§ REQUIREMENT: In the records below, tally the lines that contain the word "Longrightarrow" and give only that number.
━━━ RECORDS ━━━
lemma weighted_telescoping_le:
  fixes w d e :: "nat \<Rightarrow> real"
  assumes "1 \<le> T"
    and w_nonneg: "\<And>t. t \<in> {1..T} \<Longrightarrow> 0 \<le> w t"
    and w_mono: "\<And>t. t \<in> {1..<T} \<Longrightarrow> w t \<le> w (Suc t)"
    and d_le: "\<And>t. t \<in> {1..T} \<Longrightarrow> d t \<le> M"
    and e_nonneg: "\<And>t. t \<in> {1..T} \<Longrightarrow> 0 \<le> e t"
    and d_Suc_le: "\<And>t. t \<in> {1..<T} \<Longrightarrow> d (Suc t) \<le> e t"
  shows "(\<Sum>t=1..T. w t * (d t - e t)) \<le> M * w T"
proof -
  have "(\<Sum>t=1..n. w t * (d t - e t)) + w n * e n \<le> M * w n" if "1 \<le> n" "n \<le> T" for n
    using that
  proof (induction n rule: dec_induct)
    case base
    then show ?case using d_le[of 1] w_nonneg[of 1] by (simp add: algebra_simps mult_right_mono)
  next
    case (step n)
    have "w n * d (Suc n) \<le> w n * e n"
      using step by (intro mult_left_mono d_Suc_le w_nonneg) auto
    moreover have "(w (Suc n) - w n) * d (Suc n) \<le> (w (Suc n) - w n) * M"
      using step by (intro mult_left_mono d_le) (auto simp: w_mono)
    ultimately show ?case using step by (simp add: algebra_simps)
  qed
  moreover have "0 \<le> w T * e T"
    using assms(1) e_nonneg[of T] w_nonneg[of T] by simp
  ultimately show ?thesis
    using assms(1) by fastforce
qed

lemma inner_eq_descent_step:
  fixes u g :: "'a::real_inner"
  assumes "\<eta> \<noteq> 0"
  shows "g \<bullet> u = ((norm u)\<^sup>2 - (norm (u - \<eta> *\<^sub>R g))\<^sup>2) / (2 * \<eta>) + \<eta> / 2 * (norm g)\<^sup>2"
  unfolding power2_norm_eq_inner
  using assms by (simp add: inner_diff_left inner_diff_right inner_commute field_simps)

lemma closest_point_iterates_in:
  assumes "closed F" and "c 1 \<in> F"
    and step: "\<And>t. t \<in> {1..<T} \<Longrightarrow> c (Suc t) = closest_point F (y t)"
  shows "t \<in> {1..T} \<Longrightarrow> c t \<in> F"
proof (induction t)
  case (Suc t)
  then show ?case
    using assms closest_point_in_set[of F] by (cases "t = 0") auto
qed simp

lemma projected_subgradient_linearized_regret_le:
  fixes c g :: "nat \<Rightarrow> 'a::{real_inner,heine_borel}"
  assumes F: "convex F" "closed F" and x: "x \<in> F"
    and G: "0 < G" and D: "0 < D" and T: "1 \<le> T"
    and c_in: "\<And>t. t \<in> {1..T} \<Longrightarrow> c t \<in> F"
    and g_le: "\<And>t. t \<in> {1..T} \<Longrightarrow> norm (g t) \<le> G"
    and diam: "\<And>y z. y \<in> F \<Longrightarrow> z \<in> F \<Longrightarrow> dist y z \<le> D"
    and step: "\<And>t. t \<in> {1..<T} \<Longrightarrow> c (Suc t) = closest_point F (c t - (D / (G * sqrt (real t))) *\<^sub>R g t)"
  shows "(\<Sum>t=1..T. g t \<bullet> (c t - x)) \<le> 3/2 * G * D * sqrt (real T)"
proof -
  define \<eta> where "\<eta> t = D / (G * sqrt (real t))" for t :: nat
  define d where "d t = (norm (c t - x))\<^sup>2" for t
  define e where "e t = (norm (c t - x - \<eta> t *\<^sub>R g t))\<^sup>2" for t
  have inner_le: "g t \<bullet> (c t - x) \<le> G / (2 * D) * (sqrt t * (d t - e t)) + D * G / 2 * (1 / sqrt t)"
    if t: "t \<in> {1..T}" for t
  proof -
    have "0 < \<eta> t" using t G D by (simp add: \<eta>_def)
    then have "g t \<bullet> (c t - x) = (d t - e t) / (2 * \<eta> t) + \<eta> t / 2 * (norm (g t))\<^sup>2"
      unfolding d_def e_def by (intro inner_eq_descent_step) simp
    also have "\<dots> \<le> (d t - e t) / (2 * \<eta> t) + \<eta> t / 2 * G\<^sup>2"
      using \<open>0 < \<eta> t\<close> g_le[OF t] by (simp add: power_mono)
    also have "\<dots> = G / (2 * D) * (sqrt t * (d t - e t)) + D * G / 2 * (1 / sqrt t)"
      using t G D by (simp add: \<eta>_def field_simps power2_eq_square)
    finally show ?thesis .
  qed
  have d_Suc_le: "d (Suc t) \<le> e t" if "t \<in> {1..<T}" for t
  proof -
    have "dist (c (Suc t)) (closest_point F x) \<le> dist (c t - \<eta> t *\<^sub>R g t) x"
      using step[OF that] F x by (auto simp: \<eta>_def intro: closest_point_lipschitz)
    then show ?thesis
      by (simp add: d_def e_def closest_point_self[OF x] dist_norm algebra_simps power_mono)
  qed
  have d_le: "d t \<le> D\<^sup>2" if "t \<in> {1..T}" for t
    using diam[OF c_in[OF that] x] by (simp add: d_def dist_norm power_mono)
  have "(\<Sum>t=1..T. g t \<bullet> (c t - x))
      \<le> (\<Sum>t=1..T. G / (2 * D) * (sqrt t * (d t - e t)) + D * G / 2 * (1 / sqrt t))"
    by (intro sum_mono inner_le)
  also have "\<dots> = G / (2 * D) * (\<Sum>t=1..T. sqrt t * (d t - e t)) + D * G / 2 * (\<Sum>t=1..T. 1 / sqrt t)"
    by (simp add: sum.distrib sum_distrib_left)
  also have "\<dots> \<le> G / (2 * D) * (D\<^sup>2 * sqrt T) + D * G / 2 * (2 * sqrt T)"
    using G D T d_le d_Suc_le
    by (intro add_mono mult_left_mono weighted_telescoping_le sum_inverse_sqrt_le) (auto simp: e_def)
  also have "\<dots> = 3/2 * G * D * sqrt T"
    using D by (simp add: field_simps power2_eq_square)
  finally show ?thesis .
qed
━━━
§ RESULT FOR THIS EXERCISE: 11